▶ **How to complete this task**:
Copy exactly the stretch of data below from the line with "E \<longleftrightarrow> connected_graph" through the line with "to one on nat).\<close>", including both of those lines.

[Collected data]
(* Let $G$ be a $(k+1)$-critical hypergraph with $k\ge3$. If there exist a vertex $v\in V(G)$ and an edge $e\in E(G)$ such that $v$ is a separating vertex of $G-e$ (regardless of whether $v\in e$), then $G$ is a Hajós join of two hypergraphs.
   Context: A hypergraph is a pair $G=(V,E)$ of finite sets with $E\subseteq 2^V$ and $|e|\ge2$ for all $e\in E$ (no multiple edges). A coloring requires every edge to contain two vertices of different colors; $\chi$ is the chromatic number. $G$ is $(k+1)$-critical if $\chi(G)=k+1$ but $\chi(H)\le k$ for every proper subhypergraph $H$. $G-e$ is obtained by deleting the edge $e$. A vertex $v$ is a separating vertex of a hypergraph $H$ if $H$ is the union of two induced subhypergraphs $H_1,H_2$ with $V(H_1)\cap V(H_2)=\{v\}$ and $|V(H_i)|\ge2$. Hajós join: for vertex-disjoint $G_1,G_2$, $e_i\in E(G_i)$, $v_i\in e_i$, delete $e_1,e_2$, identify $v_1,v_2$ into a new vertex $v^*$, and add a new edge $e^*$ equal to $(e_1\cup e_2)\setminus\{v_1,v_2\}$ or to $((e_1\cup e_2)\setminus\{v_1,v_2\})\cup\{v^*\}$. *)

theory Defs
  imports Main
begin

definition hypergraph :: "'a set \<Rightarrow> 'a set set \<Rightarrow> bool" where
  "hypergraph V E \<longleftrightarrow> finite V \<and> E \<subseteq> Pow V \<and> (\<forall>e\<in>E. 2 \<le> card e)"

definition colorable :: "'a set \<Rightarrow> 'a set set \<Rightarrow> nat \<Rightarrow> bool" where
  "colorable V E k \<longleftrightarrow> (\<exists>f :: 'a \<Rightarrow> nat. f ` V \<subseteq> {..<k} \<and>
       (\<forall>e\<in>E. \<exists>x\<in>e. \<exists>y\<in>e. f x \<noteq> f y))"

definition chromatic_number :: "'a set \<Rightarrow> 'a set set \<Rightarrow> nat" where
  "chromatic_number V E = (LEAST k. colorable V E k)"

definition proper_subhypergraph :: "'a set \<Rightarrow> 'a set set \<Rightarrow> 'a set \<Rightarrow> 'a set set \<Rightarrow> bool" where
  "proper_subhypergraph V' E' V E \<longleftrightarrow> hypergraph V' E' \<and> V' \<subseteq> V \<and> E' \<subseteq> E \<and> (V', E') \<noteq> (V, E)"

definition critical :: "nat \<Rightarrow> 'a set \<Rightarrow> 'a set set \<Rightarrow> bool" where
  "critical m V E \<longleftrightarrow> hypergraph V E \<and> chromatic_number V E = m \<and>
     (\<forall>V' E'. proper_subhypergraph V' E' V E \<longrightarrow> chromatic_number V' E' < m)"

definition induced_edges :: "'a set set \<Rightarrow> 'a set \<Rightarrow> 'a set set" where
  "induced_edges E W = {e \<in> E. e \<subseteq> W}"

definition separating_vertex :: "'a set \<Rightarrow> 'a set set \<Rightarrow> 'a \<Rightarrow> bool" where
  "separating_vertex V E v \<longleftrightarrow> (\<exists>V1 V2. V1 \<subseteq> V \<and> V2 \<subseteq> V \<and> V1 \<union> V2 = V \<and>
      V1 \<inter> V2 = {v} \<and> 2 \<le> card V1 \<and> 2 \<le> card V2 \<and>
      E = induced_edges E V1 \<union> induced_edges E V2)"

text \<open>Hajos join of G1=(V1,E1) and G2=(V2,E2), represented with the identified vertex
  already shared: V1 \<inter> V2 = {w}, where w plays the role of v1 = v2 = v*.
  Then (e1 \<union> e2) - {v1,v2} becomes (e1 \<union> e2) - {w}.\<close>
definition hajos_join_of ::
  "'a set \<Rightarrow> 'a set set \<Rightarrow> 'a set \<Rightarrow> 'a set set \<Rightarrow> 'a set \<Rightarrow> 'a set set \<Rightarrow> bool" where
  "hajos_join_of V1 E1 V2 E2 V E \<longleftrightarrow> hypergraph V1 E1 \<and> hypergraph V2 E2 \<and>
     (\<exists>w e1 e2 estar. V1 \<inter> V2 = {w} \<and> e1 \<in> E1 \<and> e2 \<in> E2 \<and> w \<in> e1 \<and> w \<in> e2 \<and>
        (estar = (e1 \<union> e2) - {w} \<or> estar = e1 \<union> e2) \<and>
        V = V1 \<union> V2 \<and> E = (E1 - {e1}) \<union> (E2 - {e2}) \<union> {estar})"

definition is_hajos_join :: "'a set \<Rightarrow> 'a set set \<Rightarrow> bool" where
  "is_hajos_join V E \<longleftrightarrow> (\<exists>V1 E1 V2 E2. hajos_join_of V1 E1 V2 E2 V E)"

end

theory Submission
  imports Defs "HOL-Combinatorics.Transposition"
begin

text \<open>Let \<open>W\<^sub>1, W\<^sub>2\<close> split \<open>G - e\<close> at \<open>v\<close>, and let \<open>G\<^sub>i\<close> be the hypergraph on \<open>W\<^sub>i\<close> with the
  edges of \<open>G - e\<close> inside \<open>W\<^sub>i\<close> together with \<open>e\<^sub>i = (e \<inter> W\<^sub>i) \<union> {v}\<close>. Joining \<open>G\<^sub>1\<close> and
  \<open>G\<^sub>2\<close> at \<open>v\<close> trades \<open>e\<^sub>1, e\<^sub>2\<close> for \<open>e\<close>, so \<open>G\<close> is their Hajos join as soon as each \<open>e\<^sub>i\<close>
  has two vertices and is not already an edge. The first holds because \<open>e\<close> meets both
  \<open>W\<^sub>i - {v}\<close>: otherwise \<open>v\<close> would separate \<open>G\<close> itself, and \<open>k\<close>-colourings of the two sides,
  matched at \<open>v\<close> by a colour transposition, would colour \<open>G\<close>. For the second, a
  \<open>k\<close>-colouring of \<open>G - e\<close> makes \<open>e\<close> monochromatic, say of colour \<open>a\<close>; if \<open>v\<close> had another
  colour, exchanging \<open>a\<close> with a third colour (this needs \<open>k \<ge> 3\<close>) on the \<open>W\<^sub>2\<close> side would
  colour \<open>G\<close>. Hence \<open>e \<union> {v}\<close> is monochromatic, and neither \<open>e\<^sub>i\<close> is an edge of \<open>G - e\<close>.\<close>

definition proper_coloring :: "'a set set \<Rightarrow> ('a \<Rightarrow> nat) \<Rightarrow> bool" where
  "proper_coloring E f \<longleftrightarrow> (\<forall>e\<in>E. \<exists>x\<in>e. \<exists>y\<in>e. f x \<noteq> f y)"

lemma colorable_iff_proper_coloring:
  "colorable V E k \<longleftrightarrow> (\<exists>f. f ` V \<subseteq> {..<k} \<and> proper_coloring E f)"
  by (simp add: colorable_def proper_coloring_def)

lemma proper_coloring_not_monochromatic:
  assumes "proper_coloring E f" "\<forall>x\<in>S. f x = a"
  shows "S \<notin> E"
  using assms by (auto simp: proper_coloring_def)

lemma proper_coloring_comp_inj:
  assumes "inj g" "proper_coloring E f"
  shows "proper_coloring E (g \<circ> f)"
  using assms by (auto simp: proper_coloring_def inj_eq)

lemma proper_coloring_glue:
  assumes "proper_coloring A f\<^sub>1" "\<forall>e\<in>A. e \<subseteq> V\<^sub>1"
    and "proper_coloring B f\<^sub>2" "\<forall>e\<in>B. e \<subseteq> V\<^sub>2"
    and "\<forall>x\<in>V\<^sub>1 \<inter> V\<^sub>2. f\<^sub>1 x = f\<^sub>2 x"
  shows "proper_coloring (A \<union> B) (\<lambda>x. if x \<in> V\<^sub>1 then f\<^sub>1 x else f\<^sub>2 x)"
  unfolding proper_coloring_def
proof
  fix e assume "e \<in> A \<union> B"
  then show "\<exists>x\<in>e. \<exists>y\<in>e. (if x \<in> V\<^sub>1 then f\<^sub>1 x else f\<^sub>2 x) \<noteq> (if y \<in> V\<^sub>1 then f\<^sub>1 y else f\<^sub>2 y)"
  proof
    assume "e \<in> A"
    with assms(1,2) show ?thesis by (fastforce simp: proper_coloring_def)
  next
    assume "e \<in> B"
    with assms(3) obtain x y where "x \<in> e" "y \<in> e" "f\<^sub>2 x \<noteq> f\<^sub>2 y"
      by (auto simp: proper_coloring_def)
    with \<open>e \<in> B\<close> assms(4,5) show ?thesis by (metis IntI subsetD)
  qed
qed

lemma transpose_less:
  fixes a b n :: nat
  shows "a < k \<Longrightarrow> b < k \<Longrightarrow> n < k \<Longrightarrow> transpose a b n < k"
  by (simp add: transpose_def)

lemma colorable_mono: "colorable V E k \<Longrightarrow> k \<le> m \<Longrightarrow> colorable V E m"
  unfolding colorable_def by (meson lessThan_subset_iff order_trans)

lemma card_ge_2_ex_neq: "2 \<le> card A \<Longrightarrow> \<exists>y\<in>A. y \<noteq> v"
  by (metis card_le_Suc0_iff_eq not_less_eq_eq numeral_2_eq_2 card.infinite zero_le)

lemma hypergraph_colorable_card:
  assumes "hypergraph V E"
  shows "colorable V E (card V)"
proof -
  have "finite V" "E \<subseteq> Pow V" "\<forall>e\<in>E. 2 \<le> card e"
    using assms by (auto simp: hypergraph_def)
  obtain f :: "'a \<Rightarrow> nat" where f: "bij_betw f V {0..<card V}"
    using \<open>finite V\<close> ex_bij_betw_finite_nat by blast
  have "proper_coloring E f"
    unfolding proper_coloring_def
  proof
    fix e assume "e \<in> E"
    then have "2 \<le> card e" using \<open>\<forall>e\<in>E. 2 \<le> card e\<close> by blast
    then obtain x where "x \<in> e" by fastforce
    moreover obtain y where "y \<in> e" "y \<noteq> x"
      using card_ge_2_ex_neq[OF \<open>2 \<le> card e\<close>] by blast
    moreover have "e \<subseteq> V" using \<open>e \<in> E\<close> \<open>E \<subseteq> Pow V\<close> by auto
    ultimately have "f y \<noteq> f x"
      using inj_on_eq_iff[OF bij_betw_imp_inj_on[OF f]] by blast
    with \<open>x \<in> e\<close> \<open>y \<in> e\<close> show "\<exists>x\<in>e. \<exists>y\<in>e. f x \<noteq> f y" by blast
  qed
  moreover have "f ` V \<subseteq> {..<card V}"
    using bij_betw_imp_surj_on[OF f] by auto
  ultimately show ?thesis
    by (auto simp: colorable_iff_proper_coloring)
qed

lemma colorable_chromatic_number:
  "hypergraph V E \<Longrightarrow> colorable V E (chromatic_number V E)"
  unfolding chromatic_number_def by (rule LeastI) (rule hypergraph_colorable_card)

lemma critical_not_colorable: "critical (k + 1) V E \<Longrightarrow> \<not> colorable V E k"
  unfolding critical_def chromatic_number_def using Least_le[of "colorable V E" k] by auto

---

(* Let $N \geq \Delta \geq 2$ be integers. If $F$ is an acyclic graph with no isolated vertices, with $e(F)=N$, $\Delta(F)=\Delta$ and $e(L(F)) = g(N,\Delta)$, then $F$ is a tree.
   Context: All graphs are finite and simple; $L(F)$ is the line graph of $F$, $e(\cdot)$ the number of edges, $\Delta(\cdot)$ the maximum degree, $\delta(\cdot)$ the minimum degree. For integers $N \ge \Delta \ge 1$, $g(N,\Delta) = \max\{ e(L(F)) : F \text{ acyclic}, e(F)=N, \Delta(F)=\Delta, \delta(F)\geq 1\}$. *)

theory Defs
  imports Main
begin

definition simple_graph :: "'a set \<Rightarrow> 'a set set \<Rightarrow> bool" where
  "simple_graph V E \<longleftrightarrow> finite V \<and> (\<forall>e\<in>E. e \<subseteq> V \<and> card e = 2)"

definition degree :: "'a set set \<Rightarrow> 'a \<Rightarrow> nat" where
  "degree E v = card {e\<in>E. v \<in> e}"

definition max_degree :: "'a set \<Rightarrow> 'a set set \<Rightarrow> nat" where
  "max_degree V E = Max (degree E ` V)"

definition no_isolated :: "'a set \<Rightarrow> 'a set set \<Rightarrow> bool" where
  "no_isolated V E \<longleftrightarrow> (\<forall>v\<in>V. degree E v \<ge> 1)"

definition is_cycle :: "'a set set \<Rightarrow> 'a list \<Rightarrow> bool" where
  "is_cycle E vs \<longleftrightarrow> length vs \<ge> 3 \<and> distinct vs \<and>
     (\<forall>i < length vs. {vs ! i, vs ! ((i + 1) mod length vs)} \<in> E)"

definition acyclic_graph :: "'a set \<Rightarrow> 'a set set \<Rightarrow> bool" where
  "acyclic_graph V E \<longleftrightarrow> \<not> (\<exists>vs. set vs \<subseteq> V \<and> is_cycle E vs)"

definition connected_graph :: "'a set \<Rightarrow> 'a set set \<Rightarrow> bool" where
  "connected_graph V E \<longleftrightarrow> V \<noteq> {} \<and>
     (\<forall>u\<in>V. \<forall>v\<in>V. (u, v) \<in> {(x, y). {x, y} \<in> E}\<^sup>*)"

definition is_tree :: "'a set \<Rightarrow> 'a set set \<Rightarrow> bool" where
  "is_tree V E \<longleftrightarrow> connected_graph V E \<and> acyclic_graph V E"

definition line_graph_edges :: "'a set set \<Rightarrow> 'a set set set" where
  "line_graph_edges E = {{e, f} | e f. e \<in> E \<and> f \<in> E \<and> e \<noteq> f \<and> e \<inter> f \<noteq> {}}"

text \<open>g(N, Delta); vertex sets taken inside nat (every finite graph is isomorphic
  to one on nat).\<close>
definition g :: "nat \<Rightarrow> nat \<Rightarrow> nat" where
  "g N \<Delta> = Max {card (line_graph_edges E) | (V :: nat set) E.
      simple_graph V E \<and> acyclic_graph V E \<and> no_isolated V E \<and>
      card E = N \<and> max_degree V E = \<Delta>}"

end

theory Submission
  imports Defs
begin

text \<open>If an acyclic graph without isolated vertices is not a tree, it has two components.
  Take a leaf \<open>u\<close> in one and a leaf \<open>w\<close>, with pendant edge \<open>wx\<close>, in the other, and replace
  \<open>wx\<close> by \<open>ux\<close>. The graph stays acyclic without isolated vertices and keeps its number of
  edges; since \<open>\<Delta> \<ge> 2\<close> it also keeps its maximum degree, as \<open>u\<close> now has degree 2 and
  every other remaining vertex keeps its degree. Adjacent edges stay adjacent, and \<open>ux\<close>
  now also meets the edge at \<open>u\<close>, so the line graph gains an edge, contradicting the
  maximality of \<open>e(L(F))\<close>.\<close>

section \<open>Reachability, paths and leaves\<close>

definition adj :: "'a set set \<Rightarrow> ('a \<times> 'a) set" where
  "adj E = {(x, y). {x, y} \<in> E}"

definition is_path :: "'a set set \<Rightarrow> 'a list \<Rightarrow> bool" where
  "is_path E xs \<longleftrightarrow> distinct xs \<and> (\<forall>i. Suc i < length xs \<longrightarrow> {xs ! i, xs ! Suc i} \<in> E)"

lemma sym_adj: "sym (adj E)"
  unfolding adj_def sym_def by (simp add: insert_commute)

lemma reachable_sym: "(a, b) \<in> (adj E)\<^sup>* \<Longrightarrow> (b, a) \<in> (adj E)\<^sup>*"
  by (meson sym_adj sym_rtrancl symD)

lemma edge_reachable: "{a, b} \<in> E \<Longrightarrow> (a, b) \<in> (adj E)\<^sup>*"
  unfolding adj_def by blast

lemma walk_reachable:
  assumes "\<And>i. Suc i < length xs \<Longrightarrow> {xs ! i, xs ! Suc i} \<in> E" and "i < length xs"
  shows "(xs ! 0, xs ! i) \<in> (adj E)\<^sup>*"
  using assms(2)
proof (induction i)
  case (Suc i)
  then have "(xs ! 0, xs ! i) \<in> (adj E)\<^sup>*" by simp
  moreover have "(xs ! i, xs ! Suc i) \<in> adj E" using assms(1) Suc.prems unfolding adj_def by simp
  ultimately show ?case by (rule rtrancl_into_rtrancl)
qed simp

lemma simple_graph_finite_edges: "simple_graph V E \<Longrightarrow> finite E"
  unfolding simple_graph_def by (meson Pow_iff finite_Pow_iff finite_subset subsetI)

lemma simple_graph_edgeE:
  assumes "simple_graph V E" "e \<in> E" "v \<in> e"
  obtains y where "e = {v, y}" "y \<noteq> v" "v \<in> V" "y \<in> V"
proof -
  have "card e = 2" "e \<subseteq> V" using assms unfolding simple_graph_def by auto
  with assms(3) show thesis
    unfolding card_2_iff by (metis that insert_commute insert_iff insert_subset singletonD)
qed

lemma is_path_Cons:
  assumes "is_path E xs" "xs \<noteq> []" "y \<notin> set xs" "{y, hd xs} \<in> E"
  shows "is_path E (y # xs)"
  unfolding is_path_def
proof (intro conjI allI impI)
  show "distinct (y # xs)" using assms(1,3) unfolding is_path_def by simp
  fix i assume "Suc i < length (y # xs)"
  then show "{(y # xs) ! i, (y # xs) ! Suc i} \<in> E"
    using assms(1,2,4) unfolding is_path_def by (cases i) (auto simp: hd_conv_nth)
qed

...

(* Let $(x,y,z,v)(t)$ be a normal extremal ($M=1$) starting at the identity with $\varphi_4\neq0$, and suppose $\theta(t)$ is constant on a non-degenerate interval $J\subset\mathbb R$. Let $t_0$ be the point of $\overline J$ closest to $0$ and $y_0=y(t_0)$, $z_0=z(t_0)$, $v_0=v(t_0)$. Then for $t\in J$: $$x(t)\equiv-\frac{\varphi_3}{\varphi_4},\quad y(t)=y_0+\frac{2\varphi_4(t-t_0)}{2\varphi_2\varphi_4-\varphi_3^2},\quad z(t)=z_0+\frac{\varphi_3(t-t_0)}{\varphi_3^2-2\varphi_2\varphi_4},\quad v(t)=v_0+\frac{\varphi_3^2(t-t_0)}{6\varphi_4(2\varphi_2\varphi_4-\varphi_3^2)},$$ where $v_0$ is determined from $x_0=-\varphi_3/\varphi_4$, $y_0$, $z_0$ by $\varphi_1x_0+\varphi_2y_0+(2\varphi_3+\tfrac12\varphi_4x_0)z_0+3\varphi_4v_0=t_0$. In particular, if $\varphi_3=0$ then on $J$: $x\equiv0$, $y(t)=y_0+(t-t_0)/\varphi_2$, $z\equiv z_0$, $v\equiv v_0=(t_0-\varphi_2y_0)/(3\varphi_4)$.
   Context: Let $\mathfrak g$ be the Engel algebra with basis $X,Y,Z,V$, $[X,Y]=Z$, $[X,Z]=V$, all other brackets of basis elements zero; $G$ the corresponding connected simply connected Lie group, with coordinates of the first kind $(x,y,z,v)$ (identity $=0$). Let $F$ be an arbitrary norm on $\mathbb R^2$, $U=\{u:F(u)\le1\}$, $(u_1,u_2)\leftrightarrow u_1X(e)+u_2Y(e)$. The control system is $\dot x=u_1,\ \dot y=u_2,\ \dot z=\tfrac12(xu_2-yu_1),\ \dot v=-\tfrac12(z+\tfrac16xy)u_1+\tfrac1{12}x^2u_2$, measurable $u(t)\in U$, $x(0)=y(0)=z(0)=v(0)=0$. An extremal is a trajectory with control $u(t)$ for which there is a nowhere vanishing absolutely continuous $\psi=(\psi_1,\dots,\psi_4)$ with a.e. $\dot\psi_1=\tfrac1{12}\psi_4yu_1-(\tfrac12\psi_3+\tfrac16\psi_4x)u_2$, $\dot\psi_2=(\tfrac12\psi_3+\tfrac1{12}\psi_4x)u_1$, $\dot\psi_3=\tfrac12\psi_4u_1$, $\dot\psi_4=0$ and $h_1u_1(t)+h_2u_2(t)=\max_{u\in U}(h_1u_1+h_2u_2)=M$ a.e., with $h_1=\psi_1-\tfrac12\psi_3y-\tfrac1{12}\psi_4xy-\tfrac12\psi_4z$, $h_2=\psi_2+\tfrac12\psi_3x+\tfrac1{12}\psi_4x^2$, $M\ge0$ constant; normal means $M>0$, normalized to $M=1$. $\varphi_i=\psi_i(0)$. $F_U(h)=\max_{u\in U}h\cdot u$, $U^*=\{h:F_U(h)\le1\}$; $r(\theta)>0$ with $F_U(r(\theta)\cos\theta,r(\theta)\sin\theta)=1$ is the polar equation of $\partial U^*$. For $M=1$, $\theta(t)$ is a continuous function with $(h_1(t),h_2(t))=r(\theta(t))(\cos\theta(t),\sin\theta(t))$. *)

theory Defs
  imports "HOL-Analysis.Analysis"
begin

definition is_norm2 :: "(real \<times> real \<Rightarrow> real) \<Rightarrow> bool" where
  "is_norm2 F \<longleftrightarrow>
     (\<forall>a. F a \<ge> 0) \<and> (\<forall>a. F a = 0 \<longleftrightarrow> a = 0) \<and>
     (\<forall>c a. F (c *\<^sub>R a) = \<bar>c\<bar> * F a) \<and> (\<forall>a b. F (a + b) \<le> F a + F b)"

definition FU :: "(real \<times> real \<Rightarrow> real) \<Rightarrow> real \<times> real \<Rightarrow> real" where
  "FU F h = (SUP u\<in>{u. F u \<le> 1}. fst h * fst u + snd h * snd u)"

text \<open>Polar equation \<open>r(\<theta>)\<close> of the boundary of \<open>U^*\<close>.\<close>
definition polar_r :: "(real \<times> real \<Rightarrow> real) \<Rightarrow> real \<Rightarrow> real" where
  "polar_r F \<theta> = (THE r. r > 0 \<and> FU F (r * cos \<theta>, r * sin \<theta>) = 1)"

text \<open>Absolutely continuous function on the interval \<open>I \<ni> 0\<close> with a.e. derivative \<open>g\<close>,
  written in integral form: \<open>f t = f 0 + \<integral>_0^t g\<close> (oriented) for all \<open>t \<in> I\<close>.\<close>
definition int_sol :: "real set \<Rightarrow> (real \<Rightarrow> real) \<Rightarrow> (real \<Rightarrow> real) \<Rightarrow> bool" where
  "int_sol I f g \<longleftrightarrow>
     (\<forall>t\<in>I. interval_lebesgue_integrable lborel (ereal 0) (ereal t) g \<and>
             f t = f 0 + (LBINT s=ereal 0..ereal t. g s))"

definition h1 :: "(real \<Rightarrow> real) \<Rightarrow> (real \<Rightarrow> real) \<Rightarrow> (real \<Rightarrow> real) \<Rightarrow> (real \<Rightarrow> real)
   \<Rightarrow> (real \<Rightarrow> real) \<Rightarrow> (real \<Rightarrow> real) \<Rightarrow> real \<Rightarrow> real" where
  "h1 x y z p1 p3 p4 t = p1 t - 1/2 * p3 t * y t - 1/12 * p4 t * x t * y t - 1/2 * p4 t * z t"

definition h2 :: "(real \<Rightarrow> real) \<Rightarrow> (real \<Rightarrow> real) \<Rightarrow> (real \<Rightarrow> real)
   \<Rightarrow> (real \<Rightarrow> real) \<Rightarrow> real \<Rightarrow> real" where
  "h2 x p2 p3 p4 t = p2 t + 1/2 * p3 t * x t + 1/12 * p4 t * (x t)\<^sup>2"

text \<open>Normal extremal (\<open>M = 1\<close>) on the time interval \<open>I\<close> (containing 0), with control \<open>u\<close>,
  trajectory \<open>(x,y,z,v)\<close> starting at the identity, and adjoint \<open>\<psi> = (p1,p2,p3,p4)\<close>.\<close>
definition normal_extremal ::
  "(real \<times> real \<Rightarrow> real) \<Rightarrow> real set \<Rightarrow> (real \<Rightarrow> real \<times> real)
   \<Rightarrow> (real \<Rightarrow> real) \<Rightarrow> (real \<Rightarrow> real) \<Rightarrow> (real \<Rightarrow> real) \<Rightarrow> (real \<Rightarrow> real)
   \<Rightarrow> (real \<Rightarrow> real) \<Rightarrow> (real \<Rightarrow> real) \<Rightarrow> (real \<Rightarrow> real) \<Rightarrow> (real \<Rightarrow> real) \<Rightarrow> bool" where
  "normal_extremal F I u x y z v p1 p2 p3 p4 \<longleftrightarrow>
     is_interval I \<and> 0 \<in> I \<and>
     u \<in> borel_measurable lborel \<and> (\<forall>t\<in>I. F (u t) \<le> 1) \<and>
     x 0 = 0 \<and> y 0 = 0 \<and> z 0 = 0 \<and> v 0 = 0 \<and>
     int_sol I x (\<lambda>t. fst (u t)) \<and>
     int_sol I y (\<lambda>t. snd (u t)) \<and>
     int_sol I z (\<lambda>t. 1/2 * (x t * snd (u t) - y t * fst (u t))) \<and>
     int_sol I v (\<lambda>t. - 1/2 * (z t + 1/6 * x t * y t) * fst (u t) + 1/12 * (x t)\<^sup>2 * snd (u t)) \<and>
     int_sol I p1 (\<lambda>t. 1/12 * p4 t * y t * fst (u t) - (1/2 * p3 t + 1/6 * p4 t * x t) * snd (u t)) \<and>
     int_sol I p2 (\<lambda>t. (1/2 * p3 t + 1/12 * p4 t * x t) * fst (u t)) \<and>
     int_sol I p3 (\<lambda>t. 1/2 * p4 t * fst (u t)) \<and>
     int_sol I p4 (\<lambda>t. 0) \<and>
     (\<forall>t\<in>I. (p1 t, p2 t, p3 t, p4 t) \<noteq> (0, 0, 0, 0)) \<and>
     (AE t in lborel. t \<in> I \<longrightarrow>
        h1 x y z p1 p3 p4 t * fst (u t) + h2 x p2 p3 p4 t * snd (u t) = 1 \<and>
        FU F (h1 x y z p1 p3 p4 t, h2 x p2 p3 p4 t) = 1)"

▶ **Solution to the exercise**:
  "is_tree V E \<longleftrightarrow> connected_graph V E \<and> acyclic_graph V E"

definition line_graph_edges :: "'a set set \<Rightarrow> 'a set set set" where
  "line_graph_edges E = {{e, f} | e f. e \<in> E \<and> f \<in> E \<and> e \<noteq> f \<and> e \<inter> f \<noteq> {}}"

text \<open>g(N, Delta); vertex sets taken inside nat (every finite graph is isomorphic
  to one on nat).\<close>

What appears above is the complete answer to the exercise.